[Extracted data entries]
▼▼▼

(* Feasibility for LP-CVRP-MD.  x r v e = x^r_{v,e},  z r v u = z^r_{v,u}.
   Variables outside the index domain are required to be 0 (they do not exist in the LP). *)
definition lp_feasible ::
  "'a set \<Rightarrow> 'a set \<Rightarrow> ('a \<Rightarrow> 'a \<Rightarrow> real) \<Rightarrow> nat \<Rightarrow>
   ('a \<Rightarrow> 'a \<Rightarrow> ('a \<times> 'a) \<Rightarrow> real) \<Rightarrow> ('a \<Rightarrow> 'a \<Rightarrow> 'a \<Rightarrow> real) \<Rightarrow> bool" where
  "lp_feasible C R c k x z \<longleftrightarrow>
    (let V = C \<union> R in
     (\<forall>r v e. \<not> (r \<in> R \<and> v \<in> C \<and> e \<in> dedges V) \<longrightarrow> x r v e = 0) \<and>
     (\<forall>r v u. \<not> (r \<in> R \<and> v \<in> C \<and> u \<in> V) \<longrightarrow> z r v u = 0) \<and>
     (\<forall>r\<in>R. \<forall>v\<in>C. \<forall>e\<in>dedges V. x r v e \<ge> 0) \<and>
     (\<forall>r\<in>R. \<forall>v\<in>C. \<forall>u\<in>V. z r v u \<ge> 0) \<and>
     \<comment> \<open>(1)\<close>
     (\<forall>r\<in>R. \<forall>v\<in>C. \<forall>u\<in>V.
        (\<Sum>e\<in>delta_out V {u}. x r v e) =
          (if u = r then 2 * z r v v else if u = v then 0 else z r v u)) \<and>
     \<comment> \<open>(2)\<close>
     (\<forall>r\<in>R. \<forall>v\<in>C. \<forall>u\<in>V.
        (\<Sum>e\<in>delta_in V {u}. x r v e) =
          (if u = r then 0 else if u = v then 2 * z r v v else z r v u)) \<and>
     \<comment> \<open>(3)\<close>
     (\<forall>r\<in>R. \<forall>v\<in>C. \<forall>S u. S \<subseteq> V - {r} \<and> u \<in> S \<longrightarrow>
        (\<Sum>e\<in>delta_in V S. x r v e) \<ge> z r v u) \<and>
     \<comment> \<open>(4)\<close>
     (\<forall>u\<in>C. (\<Sum>r\<in>R. \<Sum>v\<in>C. z r v u) = 1) \<and>
     \<comment> \<open>(5)\<close>
     (\<forall>r\<in>R. \<forall>v\<in>C. \<forall>u\<in>C. z r v u \<le> z r v v) \<and>
     \<comment> \<open>(6)\<close>
     (\<forall>r\<in>R. \<forall>v\<in>C. \<forall>u\<in>C. c u r > c v r \<longrightarrow> z r v u = 0) \<and>
     \<comment> \<open>(7)\<close>
     (\<forall>r\<in>R. \<forall>v\<in>C. (\<Sum>u\<in>C. z r v u) \<le> real k * z r v v))"
lemma dstar_space_unbounded_chain_meets_open:
  fixes c :: "nat \<Rightarrow> 'a"
  assumes "dstar_space X"
    and chain: "\<And>n. c n \<in> topspace X" "\<And>m n. m \<le> n \<Longrightarrow> spec_le X (c m) (c n)"
    and unbounded: "\<And>r. \<not> (\<forall>n. spec_le X (c n) r)"
    and "openin X U" "U \<noteq> {}"
  obtains n where "c n \<in> U"
proof -
  have "spec_directed X (range c)"
    unfolding spec_directed_def
  proof (intro conjI ballI)
    fix a b assume "a \<in> range c" "b \<in> range c"
    then obtain i j where "a = c i" "b = c j" by blast
    then have "spec_le X a (c (max i j))" "spec_le X b (c (max i j))"
      using chain(2)[of i "max i j"] chain(2)[of j "max i j"] by simp_all
    then show "\<exists>d\<in>range c. spec_le X a d \<and> spec_le X b d"
      by blast
  qed (use chain(1) in auto)
  moreover have "(\<Inter>d\<in>range c. spec_up X d) = {}"
    using unbounded unfolding spec_up_def by auto
  ultimately obtain d where "d \<in> range c" and d: "spec_up X d \<inter> spec_up X (c 0) \<subseteq> U"
    using dstar_spaceD[OF assms(1) _ chain(1) assms(5,6)] by blast
  then obtain n where "d = c n" by blast
  have "c n \<in> spec_up X (c n) \<inter> spec_up X (c 0)"
    unfolding spec_up_def using chain spec_le_refl by auto
  then show thesis
    using that d \<open>d = c n\<close> by blast
qed

definition chain_le :: "(nat \<Rightarrow> 'a) \<Rightarrow> 'a \<Rightarrow> 'a \<Rightarrow> bool" where
  "chain_le f x y \<longleftrightarrow> (\<exists>m n. x = f m \<and> y = f n \<and> m \<le> n)"

lemma chain_le_image_iff [simp]: "inj f \<Longrightarrow> chain_le f (f m) (f n) \<longleftrightarrow> m \<le> n"
  unfolding chain_le_def by (auto dest: injD)

lemma reflp_on_chain_le: "reflp_on (range f) (chain_le f)"
  unfolding reflp_on_def chain_le_def by blast
lemma optimal_bases_cover_from_restriction:
  assumes vm: "valuated_matroid E r \<mu>" and E': "E' \<subseteq> E" and u_out: "\<forall>e. e \<notin> E' \<longrightarrow> u e = \<infinity>"
    and B': "optimal_basis E' r \<mu> u B'" "e0 \<in> B'" "u e0 \<noteq> \<infinity>"
    and count: "\<forall>B\<in>finite_bases E r \<mu>. inf_count u B \<le> inf_count u B'"
  shows "\<exists>B. optimal_basis E r \<mu> u B \<and> e0 \<in> B"
proof -
  have B'F': "B' \<in> finite_bases E' r \<mu>" using B'(1) unfolding optimal_basis_def by simp
  then have B'F: "B' \<in> finite_bases E r \<mu>" using finite_bases_mono[OF E'] by blast
  obtain B1 where B1: "optimal_basis E r \<mu> u B1"
    using optimal_basis_exists[OF valuated_matroid_finite[OF vm] valuated_matroid_finite_bases_nonempty[OF vm]]
    by blast
  show ?thesis
  proof (cases "e0 \<in> B1")
    case True
    then show ?thesis using B1 by blast
  next
    case False
    show ?thesis
    proof (rule optimal_basis_through_by_exchange[OF vm B1 B'F])
      show "\<forall>j\<in>B1 - B'. insert j (B' - {e0}) \<in> finite_bases E r \<mu> \<longrightarrow>
          u j \<noteq> \<infinity> \<and> basis_cost \<mu> u B' \<le> basis_cost \<mu> u (insert j (B' - {e0}))"
      proof (intro ballI impI)
        fix j assume j: "j \<in> B1 - B'" and B3F: "insert j (B' - {e0}) \<in> finite_bases E r \<mu>"
        have u_j: "u j \<noteq> \<infinity>"
        proof
          assume "u j = \<infinity>"
          then have "inf_count u (insert j (B' - {e0})) = inf_count u B' + 1"
            using inf_count_swap_infinite[of B' e0 j u] finite_bases_finite_member[OF vm B'F] B'(2,3) j
            by blast
          then show False using count B3F by fastforce
        qed
        then have "insert j (B' - {e0}) \<in> finite_bases E' r \<mu>"
          using B3F B'F' u_out unfolding finite_bases_def by auto
        then show "u j \<noteq> \<infinity> \<and> basis_cost \<mu> u B' \<le> basis_cost \<mu> u (insert j (B' - {e0}))"
          using B'(1) inf_count_swap_finite[of e0 B' j u] B'(2,3) j u_j
          unfolding optimal_basis_def by auto
      qed
    qed (use B'(2,3) False in auto)
  qed
qed
(* Assume that $\mathbb{E}[\bar{w}_k] = 0$ and $\mathbb{E}[\| \bar{w}_k \|^4] \leq \bar{\sigma}_4$ for all $k\in \mathbb{N}$. Suppose that the feedback gain $K$ and observer gain $L$ are chosen such that $\|\bar{A}_{KL}\| = \bar{\rho}_K <1$. Then the variance of the random variable \begin{align*} G^{KL}(\bar{x}) &= \bar{x}^{\rm{T}} \bar{P} \bar{x} + 2 \sum_{k = 0 }^{\infty} \gamma^{k+1} \bar{w}_k^{\rm{T}} \bar{P} \bar{A}_{KL}^{k+1}\bar{x} + \sum_{k = 0 }^{\infty} \gamma^{k+1} \bar{w}_k^{\rm{T}} \bar{P} \bar{w}_k \\ &\quad + 2 \sum_{k = 1 }^{\infty} \gamma^{k+1} \bar{w}_k^{\rm{T}} \bar{P} \sum_{\tau=0}^{k-1} \bar{A}_{KL}^{k-\tau}\bar{w}_{\tau} \end{align*} is bounded.
   Context: Partially observable system $x_{t+1}=A x_t + B u_t + v_t$, $y_t = C x_t + s_t$ with estimator $\hat{x}_{t+1} = A \hat{x}_t + B u_t + L(y_t - C \hat{x}_t)$ and controller $u_t = K\hat{x}_t$. With $\tilde{x}_t = x_t-\hat{x}_t$ and $\bar{x}_t = [x_t^{\rm{T}}, \tilde{x}_t^{\rm{T}}]^{\rm{T}}$, the augmented dynamics are $\bar{x}_{t+1} = \bar{A}_{KL}\bar{x}_t + \bar{v}_t$, $\bar{A}_{KL} = \begin{bmatrix} A+BK & -BK \\ 0 & A-LC\end{bmatrix}$, $\bar{v}_t = \begin{bmatrix} I & 0 \\ I & -L\end{bmatrix}\begin{bmatrix} v_t \\ s_t\end{bmatrix}$, i.i.d. with distribution $\bar{\mathcal{D}}$. $Q,R>0$, $\gamma\in(0,1)$, $\bar{Q}_K=\begin{bmatrix} Q + K^{\rm{T}} R K & -K^{\rm{T}} R K \\ -K^{\rm{T}} R K & K^{\rm{T}} R K \end{bmatrix}$, and $\bar{P}$ solves $\bar{P} = \bar{Q}_K + \gamma \bar{A}_{KL}^{\rm{T}} \bar{P} \bar{A}_{KL}$. The $\bar{w}_k\sim\bar{\mathcal{D}}$ are mutually independent; $\bar{x}$ is the augmented initial state. This random variable is the fixed point of the distributional Bellman equation for the return $\sum_t \gamma^t \bar{x}_t^{\rm{T}}\bar{Q}_K\bar{x}_t$. $\|\cdot\|$ is the spectral norm. *)

theory Defs
  imports "HOL-Analysis.Analysis" "HOL-Probability.Probability"
begin

primrec matpow :: "real^'n^'n \<Rightarrow> nat \<Rightarrow> real^'n^'n" where
  "matpow A 0 = mat 1"
| "matpow A (Suc k) = A ** matpow A k"

definition pos_def_mat :: "real^'n^'n \<Rightarrow> bool" where
  "pos_def_mat Q \<longleftrightarrow> transpose Q = Q \<and> (\<forall>x. x \<noteq> 0 \<longrightarrow> x \<bullet> (Q *v x) > 0)"

definition spec_norm :: "real^'n^'m \<Rightarrow> real" where
  "spec_norm M = onorm (\<lambda>x. M *v x)"

definition block2 :: "real^'n^'n \<Rightarrow> real^'n^'n \<Rightarrow> real^'n^'n \<Rightarrow> real^'n^'n \<Rightarrow> real^('n+'n)^('n+'n)" where
  "block2 M11 M12 M21 M22 = (\<chi> i j. case i of
      Inl a \<Rightarrow> (case j of Inl b \<Rightarrow> M11 $ a $ b | Inr b \<Rightarrow> M12 $ a $ b)
    | Inr a \<Rightarrow> (case j of Inl b \<Rightarrow> M21 $ a $ b | Inr b \<Rightarrow> M22 $ a $ b))"
lemmas one_in_transv = one_in_left_transversal[OF subgroup_H subgroup_H H_Suc]
lemmas transv_subset = left_transversal_subset[OF subgroup_H subgroup_H H_Suc]
lemmas transv_cover = left_transversal_cover[OF subgroup_H subgroup_H H_Suc]
lemmas transv_unique = left_transversal_unique[OF subgroup_H subgroup_H H_Suc]

lemma H_mono: "m \<le> n \<Longrightarrow> H m \<subseteq> H n"
  using lift_Suc_mono_le[of H] H_Suc by blast

lemma H_subset_carrier: "H n \<subseteq> carrier G"
  using subgroup.subset[OF subgroup_H] .

lemma transv_subset_carrier: "transv n \<subseteq> carrier G"
  using transv_subset H_subset_carrier by blast

lemma countable_carrier: "countable (carrier G)"
  unfolding carrier_eq_UN_H using finite_H by (simp add: countable_finite)

lemma finite_subset_H:
  assumes "finite A" and "A \<subseteq> carrier G"
  shows "\<exists>n. A \<subseteq> H n"
  using assms
proof (induction A rule: finite_induct)
  case empty
  then show ?case by blast
next
  case (insert a A)
  then obtain m n where "a \<in> H m" and "A \<subseteq> H n" using carrier_eq_UN_H by blast
  then have "insert a A \<subseteq> H (max m n)" using H_mono[of m "max m n"] H_mono[of n "max m n"] by auto
  then show ?case by blast
qed

primrec digit_prod :: "(nat \<Rightarrow> 'a) \<Rightarrow> nat \<Rightarrow> 'a" where
  "digit_prod a 0 = \<one>"
| "digit_prod a (Suc n) = a n \<otimes> digit_prod a n"

lemma digit_prod_cong: "(\<And>k. k < n \<Longrightarrow> a k = b k) \<Longrightarrow> digit_prod a n = digit_prod b n"
  by (induction n) auto

lemma digit_prod_in_H:
  assumes "\<forall>k. a k \<in> transv k"
  shows "digit_prod a n \<in> H n"
proof (induction n)
  case 0
  then show ?case using subgroup.one_closed[OF subgroup_H] by simp
next
  case (Suc n)
  then show ?case
    using assms transv_subset H_Suc subgroup.m_closed[OF subgroup_H] by (simp add: subset_iff)
qed

lemma digit_prod_stable:
  assumes "\<forall>k. a k \<in> transv k" and "\<forall>k\<ge>N. a k = \<one>" and "N \<le> M"
  shows "digit_prod a M = digit_prod a N"
  using assms(3)
proof (induction M rule: dec_induct)
  case (step M)
  have "digit_prod a M \<in> carrier G" using digit_prod_in_H[OF assms(1)] H_subset_carrier by blast
  then show ?case using step assms(2) by simp
qed simp

lemma transv_mult_coset_eq_iff:
  assumes "n \<le> N" and s: "s \<in> transv N" and t: "t \<in> transv N"
    and p: "p \<in> H N" and q: "q \<in> H N"
  shows "(s \<otimes> p) <# H n = (t \<otimes> q) <# H n \<longleftrightarrow> s = t \<and> p <# H n = q <# H n"
proof -
  have c: "s \<in> carrier G" "t \<in> carrier G" "p \<in> carrier G" "q \<in> carrier G"
    using s t p q transv_subset H_subset_carrier by blast+
  show ?thesis
  proof
    assume eq: "(s \<otimes> p) <# H n = (t \<otimes> q) <# H n"
    \<comment> \<open>modulo the coarser \<open>H N\<close> the lower factors disappear, leaving only the top digit\<close>
    then have "(s \<otimes> p) <# H N = (t \<otimes> q) <# H N"
      using l_coset_eq_mono[OF subgroup_H subgroup_H H_mono[OF \<open>n \<le> N\<close>]] c by simp
    then have "s <# H N = t <# H N" using l_coset_mult_absorb[OF subgroup_H] p q c by simp
    then have "s = t" using transv_unique s t by blast
    then show "s = t \<and> p <# H n = q <# H n" using eq l_coset_mult_cancel[OF subgroup_H] c by simp
  qed (use l_coset_mult_cancel[OF subgroup_H] c in simp)
qed
definition cnorm2 :: "nat \<Rightarrow> (bool list \<Rightarrow> complex) \<Rightarrow> real" where
  "cnorm2 m \<psi> = (\<Sum>a\<in>bvecs m. (cmod (\<psi> a))\<^sup>2)"

type_synonym cmat = "bool list \<Rightarrow> bool list \<Rightarrow> complex"

definition mmul :: "nat \<Rightarrow> cmat \<Rightarrow> cmat \<Rightarrow> cmat" where
  "mmul m A B = (\<lambda>u v. \<Sum>w\<in>bvecs m. A u w * B w v)"

definition mapply :: "nat \<Rightarrow> cmat \<Rightarrow> (bool list \<Rightarrow> complex) \<Rightarrow> (bool list \<Rightarrow> complex)" where
  "mapply m A \<psi> = (\<lambda>u. \<Sum>v\<in>bvecs m. A u v * \<psi> v)"

definition mid :: "nat \<Rightarrow> cmat" where
  "mid m = (\<lambda>u v. if length u = m \<and> length v = m \<and> u = v then 1 else 0)"

definition bxor :: "bool list \<Rightarrow> bool list \<Rightarrow> bool list" where
  "bxor x y = map2 (\<lambda>p q. p \<noteq> q) x y"

text \<open>D(a,b) = sigma_x^a1 sigma_z^b1 (x) ... (x) sigma_x^am sigma_z^bm; its (u,v) entry
  is [u = v + a] (-1)^(b^T v).\<close>

definition Dmat :: "nat \<Rightarrow> bool list \<Rightarrow> bool list \<Rightarrow> cmat" where
  "Dmat m a b = (\<lambda>u v. if length u = m \<and> length v = m \<and> u = bxor v a
       then (-1::complex) ^ (\<Sum>i<m. of_bool (b ! i \<and> v ! i)) else 0)"

definition HW :: "nat \<Rightarrow> cmat set" where
  "HW m = {E. \<exists>a b k. a \<in> bvecs m \<and> b \<in> bvecs m \<and> k < (4::nat) \<and>
              E = (\<lambda>u v. \<i> ^ k * Dmat m a b u v)}"

definition stabilizer_group :: "nat \<Rightarrow> cmat set \<Rightarrow> bool" where
  "stabilizer_group m S \<longleftrightarrow>
     S \<subseteq> HW m \<and> mid m \<in> S \<and>
     (\<forall>E\<in>S. \<forall>F\<in>S. mmul m E F \<in> S) \<and>
     (\<forall>E\<in>S. \<exists>F\<in>S. mmul m E F = mid m \<and> mmul m F E = mid m) \<and>
     (\<forall>E\<in>S. \<forall>F\<in>S. mmul m E F = mmul m F E) \<and>
     (\<lambda>u v. - mid m u v) \<notin> S"

definition maximal_stabilizer_group :: "nat \<Rightarrow> cmat set \<Rightarrow> bool" where
  "maximal_stabilizer_group m S \<longleftrightarrow> stabilizer_group m S \<and> card S = 2 ^ m"

definition fixed_space :: "nat \<Rightarrow> cmat set \<Rightarrow> (bool list \<Rightarrow> complex) set" where
  "fixed_space m S = {\<psi> \<in> cvecs m. \<forall>E\<in>S. mapply m E \<psi> = \<psi>}"

definition stabilizer_state :: "nat \<Rightarrow> (bool list \<Rightarrow> complex) \<Rightarrow> bool" where
  "stabilizer_state m \<psi> \<longleftrightarrow>
     (\<exists>S. maximal_stabilizer_group m S \<and> \<psi> \<in> cvecs m \<and> cnorm2 m \<psi> = 1 \<and>
          fixed_space m S = {(\<lambda>a. c * \<psi> a) | c. True})"
lemma continuous_on_witness: "continuous_on {0..1} witness"
  unfolding continuous_on_eq_continuous_within
proof
  fix x :: real assume x: "x \<in> {0..1}"
  show "continuous (at x within {0..1}) witness"
  proof (cases "x = 0")
    case True
    have ev: "eventually (\<lambda>t. norm (witness t) \<le> 4 * \<bar>t\<bar>) (at 0 within {0..1})"
      unfolding eventually_at_filter using abs_witness_le by (intro always_eventually) auto
    have "((\<lambda>t. 4 * \<bar>t\<bar>) \<longlongrightarrow> 4 * \<bar>0\<bar>) (at (0::real) within {0..1})"
      by (intro tendsto_intros)
    then have "((\<lambda>t. 4 * \<bar>t\<bar>) \<longlongrightarrow> 0) (at (0::real) within {0..1})" by simp
    then have "(witness \<longlongrightarrow> 0) (at 0 within {0..1})" by (rule Lim_null_comparison[OF ev])
    then show ?thesis using True unfolding continuous_within by (simp add: witness_def)
  next
    case False
    then have x0: "0 < x" using x by simp
    obtain m where m: "(1/2::real)^m < x" using real_arch_pow_inv[OF x0, of "1/2"] by auto
    define a :: real where "a = (1/2)^(m+2)"
    have "a \<le> (1/2)^m" unfolding a_def by (rule power_decreasing) auto
    then have ax: "a < x" using m by simp
    have a0: "0 < a" unfolding a_def by simp
    have "continuous (at x within {a..1}) witness"
      using continuous_on_witness_dyadic[of m] x ax
        unfolding a_def[symmetric] continuous_on_eq_continuous_within by auto
    moreover have "at x within {0..1} = at x within {a..1}"
      by (rule at_within_nhd[of _ "{a<..}"]) (use ax a0 in auto)
    ultimately show ?thesis by simp
  qed
qed

definition head_fibre :: "real \<Rightarrow> real set" where
  "head_fibre y = {t. 0 < t \<and> t \<le> 1/2 \<and> witness t = y}"

definition vee_fibre :: "real \<Rightarrow> real set" where
  "vee_fibre y = {t. 1/4 < t \<and> t \<le> 1/2 \<and> vee t = y}"
definition markov_chain_on ::
  "'a measure \<Rightarrow> 's set \<Rightarrow> (nat \<Rightarrow> 'a \<Rightarrow> 's) \<Rightarrow> ('s \<Rightarrow> 's \<Rightarrow> real) \<Rightarrow> bool" where
  "markov_chain_on M St Y P \<longleftrightarrow>
     (\<forall>n. Y n \<in> M \<rightarrow>\<^sub>M count_space UNIV) \<and>
     (AE \<omega> in M. \<forall>n. Y n \<omega> \<in> St) \<and>
     (\<forall>n (h :: nat \<Rightarrow> 's) s. (\<forall>i\<le>n. h i \<in> St) \<longrightarrow> s \<in> St \<longrightarrow>
        measure M {\<omega> \<in> space M. (\<forall>i\<le>n. Y i \<omega> = h i) \<and> Y (Suc n) \<omega> = s}
        = P (h n) s * measure M {\<omega> \<in> space M. \<forall>i\<le>n. Y i \<omega> = h i})"

text \<open>(J_n, T_n) is a Markov renewal chain on Est \<times> N with semi-Markov sm_kernel p:
  a Markov chain on Est \<times> N whose transition probability from (a, j) to (b, k) is
  p a b k (independent of j), with p a b 0 = 0.  The second component is enat-valued
  (breaking times may a priori be infinite); values in N are demanded almost surely.\<close>
definition markov_renewal_chain ::
  "'a measure \<Rightarrow> 'e set \<Rightarrow> (nat \<Rightarrow> 'a \<Rightarrow> 'e) \<Rightarrow> (nat \<Rightarrow> 'a \<Rightarrow> enat)
     \<Rightarrow> ('e \<Rightarrow> 'e \<Rightarrow> nat \<Rightarrow> real) \<Rightarrow> bool" where
  "markov_renewal_chain M Est J T p \<longleftrightarrow>
     (\<forall>a b. p a b 0 = 0) \<and>
     markov_chain_on M (Est \<times> range enat) (\<lambda>n \<omega>. (J n \<omega>, T n \<omega>))
       (\<lambda>(a, j) (b, k). case k of enat k' \<Rightarrow> p a b k' | \<infinity> \<Rightarrow> 0)"

definition semi_markov_assoc ::
  "(nat \<Rightarrow> 'e) \<Rightarrow> (nat \<Rightarrow> enat) \<Rightarrow> (nat \<Rightarrow> 'e) \<Rightarrow> bool" where
  "semi_markov_assoc J T Z \<longleftrightarrow>
     T 0 = 0 \<and>
     (\<forall>n j. (\<Sum>i\<le>n. T i) \<le> enat j \<and> enat j < (\<Sum>i\<le>Suc n. T i) \<longrightarrow> Z j = J n)"

definition markov_additive ::
  "'a measure \<Rightarrow> 'e set \<Rightarrow> (nat \<Rightarrow> 'a \<Rightarrow> 'e) \<Rightarrow> (nat \<Rightarrow> 'a \<Rightarrow> enat)
     \<Rightarrow> ('e \<Rightarrow> 'e \<Rightarrow> nat \<Rightarrow> real) \<Rightarrow> bool" where
  "markov_additive M Est J B p \<longleftrightarrow>
     (\<exists>P. markov_chain_on M (Est \<times> range enat) (\<lambda>n \<omega>. (J n \<omega>, B n \<omega>)) P) \<and>
     markov_renewal_chain M Est J
       (\<lambda>n \<omega>. if n = 0 then B 0 \<omega> else B n \<omega> - B (n - 1) \<omega>) p"

end

theory Submission
  imports Defs
begin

▲▲▲

# [What this task involves]
Within the data above, the span starting at the line containing "ultimately obtain d" and ending at the line containing "n \<in> spec_up" is to be retyped exactly, with no other lines.

# [Exercise output]
  ultimately obtain d where "d \<in> range c" and d: "spec_up X d \<inter> spec_up X (c 0) \<subseteq> U"
    using dstar_spaceD[OF assms(1) _ chain(1) assms(5,6)] by blast
  then obtain n where "d = c n" by blast
  have "c n \<in> spec_up X (c n) \<inter> spec_up X (c 0)"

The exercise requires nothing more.